*Problem to solve:* Produce as output only the lines below starting at the line with "- 2 * r1\<^sup>2" and continuing through the line with "the squared cone", each one exactly as written.

Input records section start

(* Let $\mathcal{H}$ be a separable Hilbert space with inner product $\langle\cdot,\cdot\rangle$ and norm $\|\cdot\|$, let $X\subset\mathcal{H}$ be closed and convex, and let $\Lambda,\Sigma>0$. Let $\phi:\mathcal{H}\to\mathbb{R}$ be twice continuously differentiable, with gradient $\nabla\phi(x)\in\mathcal{H}$ and Hessian $\nabla^2\phi(x):\mathcal{H}\to\mathcal{H}$, such that $$C_\phi:=\sup_{x\in X}\big(|\phi(x)|+\|\nabla\phi(x)\|+|||\nabla^2\phi(x)|||\big)<\infty,\qquad |||\nabla^2\phi(x)|||:=\sup\{\|\nabla^2\phi(x)w\|:\|w\|\le1\}.$$ For $\nu_0,\mu\in\mathcal{M}(X)$, let $\beta_{0,\star}\in\mathcal{M}(\mathfrak{C}\times\mathfrak{C})$ be optimal in the cone formulation of $\mathrm{HK}_{\Lambda,\Sigma}(\nu_0,\mu)^2$, with first marginal $\alpha_0\in\mathcal{M}_2(\mathfrak{C})$, $\mathfrak{h}\alpha_0\le\nu_0$, and second marginal $\alpha_\star\in\mathcal{M}_2(\mathfrak{C})$, $\mathfrak{h}\alpha_\star\le\mu$. Then $$\Big|\frac4\Sigma\Big(\int_X\phi\,d\mu-\int_X\phi\,d\nu_0\Big)-\Big(\mathfrak{F}_{0,\star,\phi}-\frac8\Sigma\int_X\phi\,d(\nu_0-\mathfrak{h}\alpha_0)\Big)\Big|\le C_\phi\,(6+16\Lambda/\Sigma)\,\mathrm{HK}_{\Lambda,\Sigma}(\nu_0,\mu)^2,$$ where $$\mathfrak{F}_{0,\star,\phi}=\frac4\Sigma\int_{\mathfrak{C}\times\mathfrak{C}}\Big[-2r_1^2\phi(x_1)+2r_1r_2\phi(x_1)\cos\big(\sqrt{\Sigma/(4\Lambda)}\|x_1-x_2\|\big)+r_1r_2\sqrt{4\Lambda/\Sigma}\,\langle S_{\Lambda,\Sigma}(x_1,x_2),\nabla\phi(x_1)\rangle\Big]d\beta_{0,\star},$$ with $S_{\Lambda,\Sigma}(x_1,x_2)=\frac{\sin(\sqrt{\Sigma/(4\Lambda)}\|x_1-x_2\|)}{\|x_1-x_2\|}(x_2-x_1)$ for $x_1\ne x_2$ and $S_{\Lambda,\Sigma}(x_1,x_1)=0$.
   Context: $\mathcal{M}(X)$: finite nonnegative Radon measures on $X$. Cone: $\mathfrak{C}=(X\times[0,\infty))/\sim$, where $(x_1,r_1)\sim(x_2,r_2)$ iff $r_1=r_2=0$ or ($r_1=r_2$, $x_1=x_2$); $[x,r]$ denotes classes, $\mathfrak{o}$ the vertex, identified with $[\bar x,0]$ for a fixed $\bar x\in X$. Cone distance: $\mathsf{d}_{\mathfrak{C},\Lambda,\Sigma}([x_1,r_1],[x_2,r_2])^2=\frac4\Sigma\big(r_1^2+r_2^2-2r_1r_2\cos(\min\{\sqrt{\Sigma/(4\Lambda)}\|x_1-x_2\|,\pi\})\big)$. $\mathcal{M}_2(\mathfrak{C})$: finite nonnegative Radon measures on $\mathfrak{C}$ with $\int\mathsf{d}_{\mathfrak{C},\Lambda,\Sigma}([x,r],\mathfrak{o})^2d\alpha<\infty$. For $\alpha\in\mathcal{M}_2(\mathfrak{C})$, $\mathfrak{h}\alpha\in\mathcal{M}(X)$ is given by $\int_X\psi\,d(\mathfrak{h}\alpha)=\int_{\mathfrak{C}}r^2\psi(x)\,d\alpha([x,r])$. The Hellinger–Kantorovich distance satisfies (cone formulation) $\mathrm{HK}_{\Lambda,\Sigma}(\mu_1,\mu_2)^2=\min\{\int_{\mathfrak{C}\times\mathfrak{C}}\mathsf{d}_{\mathfrak{C},\Lambda,\Sigma}^2\,d\beta+\frac4\Sigma\sum_{i=1}^2(\mu_i-\mathfrak{h}\beta_i)(X)\}$, the minimum over finite nonnegative Radon measures $\beta$ on $\mathfrak{C}\times\mathfrak{C}$ whose marginals $\beta_1,\beta_2$ lie in $\mathcal{M}_2(\mathfrak{C})$ with $\mathfrak{h}\beta_i\le\mu_i$; $\beta$ is optimal if it attains the minimum. *)

theory Defs
  imports "HOL-Analysis.Analysis"
begin

text \<open>Cone points [x,r] are represented by pairs (x,r) with r \<ge> 0; all quantities
  used below are invariant under the vertex identification.\<close>

definition cone_dist :: "real \<Rightarrow> real \<Rightarrow> ('a::real_normed_vector \<times> real) \<Rightarrow> ('a \<times> real) \<Rightarrow> real" where
  "cone_dist \<Lambda> \<Sigma> p q = sqrt (4 / \<Sigma> * ((snd p)\<^sup>2 + (snd q)\<^sup>2
     - 2 * snd p * snd q * cos (min (sqrt (\<Sigma> / (4 * \<Lambda>)) * norm (fst p - fst q)) pi)))"

text \<open>Finite nonnegative (Borel, hence Radon) measures on X, as measures on the ambient space concentrated on X.\<close>
definition meas_on :: "'a::topological_space set \<Rightarrow> 'a measure \<Rightarrow> bool" where
  "meas_on X \<mu> \<longleftrightarrow> sets \<mu> = sets borel \<and> finite_measure \<mu> \<and> emeasure \<mu> (UNIV - X) = 0"

definition cone_meas :: "'a::topological_space set \<Rightarrow> ('a \<times> real) measure \<Rightarrow> bool" where
  "cone_meas X \<alpha> \<longleftrightarrow> sets \<alpha> = sets borel \<and> finite_measure \<alpha> \<and> emeasure \<alpha> (UNIV - X \<times> {0..}) = 0"

text \<open>M_2(C): finite second moment w.r.t. the vertex o (represented by (0,0)).\<close>
definition cone_M2 :: "real \<Rightarrow> real \<Rightarrow> 'a::real_normed_vector set \<Rightarrow> ('a \<times> real) measure \<Rightarrow> bool" where
  "cone_M2 \<Lambda> \<Sigma> X \<alpha> \<longleftrightarrow> cone_meas X \<alpha> \<and> integrable \<alpha> (\<lambda>p. (cone_dist \<Lambda> \<Sigma> p (0, 0))\<^sup>2)"

definition hmap :: "('a::topological_space \<times> real) measure \<Rightarrow> 'a measure" where
  "hmap \<alpha> = distr (density \<alpha> (\<lambda>p. ennreal ((snd p)\<^sup>2))) borel fst"

definition meas_le :: "'a::topological_space measure \<Rightarrow> 'a measure \<Rightarrow> bool" where
  "meas_le \<mu> \<nu> \<longleftrightarrow> (\<forall>A\<in>sets borel. emeasure \<mu> A \<le> emeasure \<nu> A)"

definition marg1 :: "(('a::topological_space \<times> real) \<times> ('a \<times> real)) measure \<Rightarrow> ('a \<times> real) measure" where
  "marg1 \<beta> = distr \<beta> borel fst"

definition marg2 :: "(('a::topological_space \<times> real) \<times> ('a \<times> real)) measure \<Rightarrow> ('a \<times> real) measure" where
  "marg2 \<beta> = distr \<beta> borel snd"

definition HK_admissible :: "real \<Rightarrow> real \<Rightarrow> 'a::real_normed_vector set \<Rightarrow> 'a measure \<Rightarrow> 'a measure
    \<Rightarrow> (('a \<times> real) \<times> ('a \<times> real)) measure \<Rightarrow> bool" where
  "HK_admissible \<Lambda> \<Sigma> X \<mu>1 \<mu>2 \<beta> \<longleftrightarrow> sets \<beta> = sets borel \<and> finite_measure \<beta>
     \<and> cone_M2 \<Lambda> \<Sigma> X (marg1 \<beta>) \<and> cone_M2 \<Lambda> \<Sigma> X (marg2 \<beta>)
     \<and> meas_le (hmap (marg1 \<beta>)) \<mu>1 \<and> meas_le (hmap (marg2 \<beta>)) \<mu>2"

definition HK_cost :: "real \<Rightarrow> real \<Rightarrow> 'a::real_normed_vector set \<Rightarrow> 'a measure \<Rightarrow> 'a measure
    \<Rightarrow> (('a \<times> real) \<times> ('a \<times> real)) measure \<Rightarrow> real" where
  "HK_cost \<Lambda> \<Sigma> X \<mu>1 \<mu>2 \<beta> = (\<integral>pq. (cone_dist \<Lambda> \<Sigma> (fst pq) (snd pq))\<^sup>2 \<partial>\<beta>)
     + 4 / \<Sigma> * ((measure \<mu>1 X - measure (hmap (marg1 \<beta>)) X) + (measure \<mu>2 X - measure (hmap (marg2 \<beta>)) X))"

definition HK2 :: "real \<Rightarrow> real \<Rightarrow> 'a::real_normed_vector set \<Rightarrow> 'a measure \<Rightarrow> 'a measure \<Rightarrow> real" where
  "HK2 \<Lambda> \<Sigma> X \<mu>1 \<mu>2 = Inf {HK_cost \<Lambda> \<Sigma> X \<mu>1 \<mu>2 \<beta> | \<beta>. HK_admissible \<Lambda> \<Sigma> X \<mu>1 \<mu>2 \<beta>}"

definition HK_optimal :: "real \<Rightarrow> real \<Rightarrow> 'a::real_normed_vector set \<Rightarrow> 'a measure \<Rightarrow> 'a measure
    \<Rightarrow> (('a \<times> real) \<times> ('a \<times> real)) measure \<Rightarrow> bool" where
  "HK_optimal \<Lambda> \<Sigma> X \<mu>1 \<mu>2 \<beta> \<longleftrightarrow> HK_admissible \<Lambda> \<Sigma> X \<mu>1 \<mu>2 \<beta>
     \<and> HK_cost \<Lambda> \<Sigma> X \<mu>1 \<mu>2 \<beta> = HK2 \<Lambda> \<Sigma> X \<mu>1 \<mu>2"

definition S_LS :: "real \<Rightarrow> real \<Rightarrow> 'a::real_normed_vector \<Rightarrow> 'a \<Rightarrow> 'a" where
  "S_LS \<Lambda> \<Sigma> x1 x2 = (if x1 = x2 then 0
     else (sin (sqrt (\<Sigma> / (4 * \<Lambda>)) * norm (x1 - x2)) / norm (x1 - x2)) *\<^sub>R (x2 - x1))"

definition F_functional :: "real \<Rightarrow> real \<Rightarrow> ('a::real_inner \<Rightarrow> real) \<Rightarrow> ('a \<Rightarrow> 'a)
    \<Rightarrow> (('a \<times> real) \<times> ('a \<times> real)) measure \<Rightarrow> real" where
  "F_functional \<Lambda> \<Sigma> \<phi> grad \<beta> = 4 / \<Sigma> * (\<integral>pq. (case pq of ((x1, r1), (x2, r2)) \<Rightarrow>
      - 2 * r1\<^sup>2 * \<phi> x1 + 2 * r1 * r2 * \<phi> x1 * cos (sqrt (\<Sigma> / (4 * \<Lambda>)) * norm (x1 - x2))
      + r1 * r2 * sqrt (4 * \<Lambda> / \<Sigma>) * inner (S_LS \<Lambda> \<Sigma> x1 x2) (grad x1)) \<partial>\<beta>)"

definition C_phi :: "'a set \<Rightarrow> ('a \<Rightarrow> real) \<Rightarrow> ('a::real_normed_vector \<Rightarrow> 'a) \<Rightarrow> ('a \<Rightarrow> 'a \<Rightarrow>\<^sub>L 'a) \<Rightarrow> real" where
  "C_phi X \<phi> grad hess = (SUP x\<in>X. \<bar>\<phi> x\<bar> + norm (grad x) + norm (hess x))"

end

theory Submission
  imports Defs
begin

text \<open>
  For a transport pair ((x1, r1), (x2, r2)) the integrand of F_functional is the first-order
  expansion of r2^2 \<phi>(x2) - r1^2 \<phi>(x1) along the cone geodesic between the two points.
  A second-order Taylor bound for \<phi> on the convex set X, combined with x^2 \<le> 6 (1 - cos x)
  and x - sin x \<le> 4 (1 - cos x) on [0, \<pi>], bounds the error by C_phi (6 + 16 \<Lambda> / \<Sigma>) times
  the squared cone distance; beyond the angle \<pi> the cone distance is r1 + r2 and crude bounds
  suffice. Integrating against \<beta> accounts for the parts of \<mu> and \<nu>0 carried by the
  marginals. On the unmatched parts \<mu> - hmap (marg2 \<beta>) and \<nu>0 - hmap (marg1 \<beta>) the
  integral of \<phi> is at most C_phi times their mass, and these masses are exactly the creation
  and destruction terms of HK2.
\<close>

section \<open>Elementary estimates\<close>

lemma x_minus_sin_le_cube:
  fixes x :: real
  assumes "0 \<le> x"
  shows "x - sin x \<le> x ^ 3 / 6"
proof -
  have "\<bar>sin x - (\<Sum>m<3. sin_coeff m * x ^ m)\<bar> \<le> inverse (fact 3) * \<bar>x\<bar> ^ 3"
    by (rule Maclaurin_sin_bound)
  moreover have "(\<Sum>m<3. sin_coeff m * x ^ m) = x"
    by (simp add: eval_nat_numeral sin_coeff_def)
  ultimately have "\<bar>sin x - x\<bar> \<le> x ^ 3 / 6"
    using assms by (simp add: eval_nat_numeral)
  then show ?thesis
    by linarith
qed

lemma square_le_6_one_minus_cos:
  fixes x :: real
  assumes "0 \<le> x" "x \<le> pi"
  shows "x\<^sup>2 \<le> 6 * (1 - cos x)"
proof -
  \<comment> \<open>1 - cos x = 2 sin (x / 2) ^ 2, and sin y \<ge> 7 y / 12 for 0 \<le> y \<le> \<pi> / 2.\<close>
  define y where "y = x / 2"
  have y: "0 \<le> y" "y \<le> 79 / 50"
    using assms pi_approx(2) by (auto simp: y_def)
  then have "y\<^sup>2 \<le> (79 / 50)\<^sup>2"
    by (intro power_mono) auto
  then have "7 / 12 * y \<le> y * (1 - y\<^sup>2 / 6)"
    using mult_left_mono[of "7 / 12" "1 - y\<^sup>2 / 6" y] y by (simp add: power2_eq_square mult.commute)
  also have "\<dots> \<le> sin y"
    using x_minus_sin_le_cube[OF y(1)] by (simp add: algebra_simps power2_eq_square power3_eq_cube)
  finally have "(7 / 12 * y)\<^sup>2 \<le> (sin y)\<^sup>2"
    using y by (intro power_mono) auto
  then have "49 * x\<^sup>2 \<le> 576 * (sin y)\<^sup>2"
    by (simp add: y_def power_divide power_mult_distrib)
  moreover have "cos x = 1 - 2 * (sin y)\<^sup>2"
    using cos_double_sin[of y] by (simp add: y_def)
  ultimately show ?thesis
    using zero_le_power2[of x] by (smt (verit))
qed

lemma mul_x_minus_sin_le_one_minus_cos:
  fixes j x :: real
  assumes j: "0 \<le> j" and x: "0 \<le> x" "x \<le> pi"
  shows "j * (x - sin x) \<le> (4 + j\<^sup>2) * (1 - cos x)"
proof -
  have "x - sin x \<le> x * (x\<^sup>2 / 6)"
    using x_minus_sin_le_cube[OF x(1)] by (simp add: power2_eq_square power3_eq_cube)
  also have "\<dots> \<le> x * (1 - cos x)"
    using square_le_6_one_minus_cos[OF x] x(1) by (intro mult_left_mono) auto
  also have "\<dots> \<le> 4 * (1 - cos x)"
    using x(2) pi_less_4 by (intro mult_right_mono) auto
  finally have "j * (x - sin x) \<le> j * (4 * (1 - cos x))"
    using j by (rule mult_left_mono)
  also have "\<dots> = 4 * j * (1 - cos x)"
    by simp
  also have "\<dots> \<le> (4 + j\<^sup>2) * (1 - cos x)"
    using zero_le_power2[of "j - 2"] by (intro mult_right_mono) (auto simp: power2_eq_square algebra_simps)
  finally show ?thesis .
qed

Input records section end

*Finished task:*
      - 2 * r1\<^sup>2 * \<phi> x1 + 2 * r1 * r2 * \<phi> x1 * cos (sqrt (\<Sigma> / (4 * \<Lambda>)) * norm (x1 - x2))
      + r1 * r2 * sqrt (4 * \<Lambda> / \<Sigma>) * inner (S_LS \<Lambda> \<Sigma> x1 x2) (grad x1)) \<partial>\<beta>)"

definition C_phi :: "'a set \<Rightarrow> ('a \<Rightarrow> real) \<Rightarrow> ('a::real_normed_vector \<Rightarrow> 'a) \<Rightarrow> ('a \<Rightarrow> 'a \<Rightarrow>\<^sub>L 'a) \<Rightarrow> real" where
  "C_phi X \<phi> grad hess = (SUP x\<in>X. \<bar>\<phi> x\<bar> + norm (grad x) + norm (hess x))"

end

theory Submission
  imports Defs
begin

text \<open>
  For a transport pair ((x1, r1), (x2, r2)) the integrand of F_functional is the first-order
  expansion of r2^2 \<phi>(x2) - r1^2 \<phi>(x1) along the cone geodesic between the two points.
  A second-order Taylor bound for \<phi> on the convex set X, combined with x^2 \<le> 6 (1 - cos x)
  and x - sin x \<le> 4 (1 - cos x) on [0, \<pi>], bounds the error by C_phi (6 + 16 \<Lambda> / \<Sigma>) times
  the squared cone distance; beyond the angle \<pi> the cone distance is r1 + r2 and crude bounds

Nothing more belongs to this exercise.